AD has been associated with a deficit in nicotinic cholinergic neurotransmission. A means to up-modulate or potentiate the channel activity of nicotinic receptors in response to acetylcholine is to use allosterically potentiating ligands (APLs). Representative nicotinic APLs are the plant alkaloids physostigmine, galanthamine, and codeine and the neurotransmitter serotonin (20). Structural properties of APLs are different from the structural properties of inhibitors of the enzyme acetylcholinesterase (AChE), the type of drugs currently approved to treat cognition impairment in AD. Compared with conventional AChE inhibitors, galantamine (Gal) produces relatively less AChE inhibition. Codeine does not interact with AChE at all. In the covalent AChE inhibitor, physostigmine, removal of the carbamate function has no effect on potency as an APL, but this treatment reduces significantly the potency of physostigmine's AChE inhibition (20).

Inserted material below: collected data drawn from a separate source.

section \<open>The kernel 1 / (1 - t z) for t in [0,1]\<close>

lemma norm_one_minus_mult_bounded_below:
  fixes w :: complex
  assumes "w \<notin> {complex_of_real r | r. r \<ge> 1}"
  obtains c where "c > 0" "\<And>r z. r \<in> {0..1} \<Longrightarrow> dist z w < c \<Longrightarrow> c \<le> cmod (1 - of_real r * z)"
proof -
  have "\<exists>r0\<in>{0..1}. \<forall>r\<in>{0..1}. cmod (1 - of_real r0 * w) \<le> cmod (1 - of_real r * w)"
    by (rule continuous_attains_inf) (auto intro!: continuous_intros)
  then obtain r0 where r0: "r0 \<in> {0..1}"
    and min: "\<And>r. r \<in> {0..1} \<Longrightarrow> cmod (1 - of_real r0 * w) \<le> cmod (1 - of_real r * w)"
    by blast
  have "1 - of_real r0 * w \<noteq> 0"
  proof
    assume zero: "1 - of_real r0 * w = 0"
    then have "r0 \<noteq> 0"
      by auto
    with zero have "w = of_real (1 / r0)"
      by (simp add: field_simps)
    moreover have "1 / r0 \<ge> 1"
      using r0 \<open>r0 \<noteq> 0\<close> by (simp add: field_simps)
    ultimately show False
      using assms by blast
  qed
  define c where "c = cmod (1 - of_real r0 * w) / 2"
  show thesis
  proof
    show "c > 0"
      using \<open>1 - of_real r0 * w \<noteq> 0\<close> by (simp add: c_def)
    fix r :: real and z :: complex
    assume r: "r \<in> {0..1}" and "dist z w < c"
    have "cmod (of_real r * (z - w)) \<le> dist z w"
      using r by (simp add: norm_mult dist_norm mult_left_le_one_le)
    moreover have "cmod (1 - of_real r * w) \<le> cmod (1 - of_real r * z) + cmod (of_real r * (z - w))"
      using norm_triangle_ineq[of "1 - of_real r * z" "of_real r * (z - w)"] by (simp add: algebra_simps)
    ultimately show "c \<le> cmod (1 - of_real r * z)"
      using min[OF r] \<open>dist z w < c\<close> by (simp add: c_def)
  qed
qed

lemma norm_one_minus_mult_ge_linear:
  fixes z :: complex
  assumes "z \<notin> {complex_of_real r | r. r > 1}"
  obtains c where "c > 0" "\<And>r. r \<in> {0..1} \<Longrightarrow> c * (1 - r) \<le> cmod (1 - of_real r * z)"
proof (cases "z = 1")
  case True
  have "1 * (1 - r) \<le> cmod (1 - of_real r * z)" if "r \<in> {0..1}" for r
  proof -
    have "1 - of_real r * z = of_real (1 - r)"
      using True by simp
    then show ?thesis
      using that by (simp only: norm_of_real) simp
  qed
  then show thesis
    by (intro that[of 1]) simp_all
next
  case False
  have "z \<notin> {complex_of_real r | r. r \<ge> 1}"
  proof
    assume "z \<in> {complex_of_real r | r. r \<ge> 1}"
    then obtain r where r: "z = of_real r" "r \<ge> 1"
      by blast
    with False have "r > 1"
      by (cases "r = 1") auto
    with r assms show False
      by blast
  qed
  then obtain c where "c > 0"
    and c: "\<And>r z'. r \<in> {0..1} \<Longrightarrow> dist z' z < c \<Longrightarrow> c \<le> cmod (1 - of_real r * z')"
    using norm_one_minus_mult_bounded_below by blast
  have "c * (1 - r) \<le> cmod (1 - of_real r * z)" if "r \<in> {0..1}" for r
  proof -
    have "c * (1 - r) \<le> c"
      using \<open>c > 0\<close> that by (intro mult_left_le) auto
    also have "c \<le> cmod (1 - of_real r * z)"
      using c[OF that, of z] \<open>c > 0\<close> by simp
    finally show ?thesis .
  qed
  then show thesis
    by (rule that[OF \<open>c > 0\<close>])
qed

The category of APLs has been limited to physostigmine, galanthamine, codeine, and serotonin on the basis of functional properties tested with nicotinic cholinergic agonists and antagonists (20). Functionally unique features of APLs include the ability to induce single-channel activity indistinguishable from single-channel activity induced by acetylcholine.
Having demonstrated that the nicotinic cholinergic drug GTS-21 ameliorated learning deficits in older rabbits, we wanted to determine whether the dual action of an APL would have even greater efficacy in the classical eyeblink-conditioning model paradigm. A nicotinic APL, Gal, was tested at doses of 0.0, 1.0, 2.0, 3.0, and 4.0 mg/kg (21). In 10 daily sessions, 40 older rabbits were tested in the 750-ms delay-conditioning paradigm. A dose of 3 mg/kg Gal was extremely effective in improving conditioning in older rabbits, enabling them to achieve learning criterion rapidly and to produce a very high percentage of CRs. Trials to learning criterion, a measure that is larger when learning is poorer, revealed a classical U-shaped response curve with doses of 1.0 and 2.0 mg/kg Gal producing nonsignificant effects over vehicle-treated rabbits, a dose of 3.0 mg/kg Gal reducing the number of trials to learning criterion to a mean significantly lower than vehicle-treated rabbits, and 4.0 mg/kg Gal producing a nonsignificant effect. Older rabbits treated with 3.0 mg/kg Gal achieved learning criterion 40% faster than older rabbits tested with the optimal dose of GTS-21.
Results with a dose of 3.0 mg/kg Gal were striking, but they were observed in a relatively small sample (21). We undertook the present experiments to explore further the effect of 3.0 mg/kg Gal on learning. There were three major aims: (i) to examine behavioral and pharmacological effects of the 3.0-mg/kg dose of Gal by testing the drug in young as well as older rabbits; (ii) to compare behavioral and pharmacological effects of Gal in larger groups of older rabbits at a dose that affected eyeblink conditioning in a 2-wk experiment (3.0 mg/kg) and a dose that was not different in its behavioral effect from vehicle (1.0 mg/kg); and (iii) to compare behavioral and pharmacological effects of short-term (3 wk of 5 daily injections per wk) versus longer-term (15 wk of 5 daily injections per wk) administration of 3.0 mg/kg Gal. We examined the effects of Gal in older rabbits over a time period (15 wk) that would simulate a human clinical trial, testing rabbits at monthly intervals for retention and relearning for 3 months after initial acquisition.
Methods
Subjects.
A total of 85 female specific pathogen free New Zealand White rabbits completed Experiments 1 and 2. Sixteen were young (4–6 months), and 69 were retired breeder rabbits. Birth dates of the rabbits were recorded by the breeder (Covance, Denver, PA). Older rabbits ranged in age from 15 to 43 months, with a mean of 29.1 months (SD = 5.7). Mean weight of the young rabbits was 2.7 kg (SD = 0.4), and the range was 2.0 to 3.7 kg. Mean weight of the older rabbits was 4.4 kg (SD = 0.5), and the range was 3.2 to 5.7 kg. Rabbits were individually housed in stainless steel cages in an American Association for the Accreditation of Laboratory Animal Care-accredited animal facility. They had 24-h access to rabbit chow and tap water and a 12/12-h light/dark cycle.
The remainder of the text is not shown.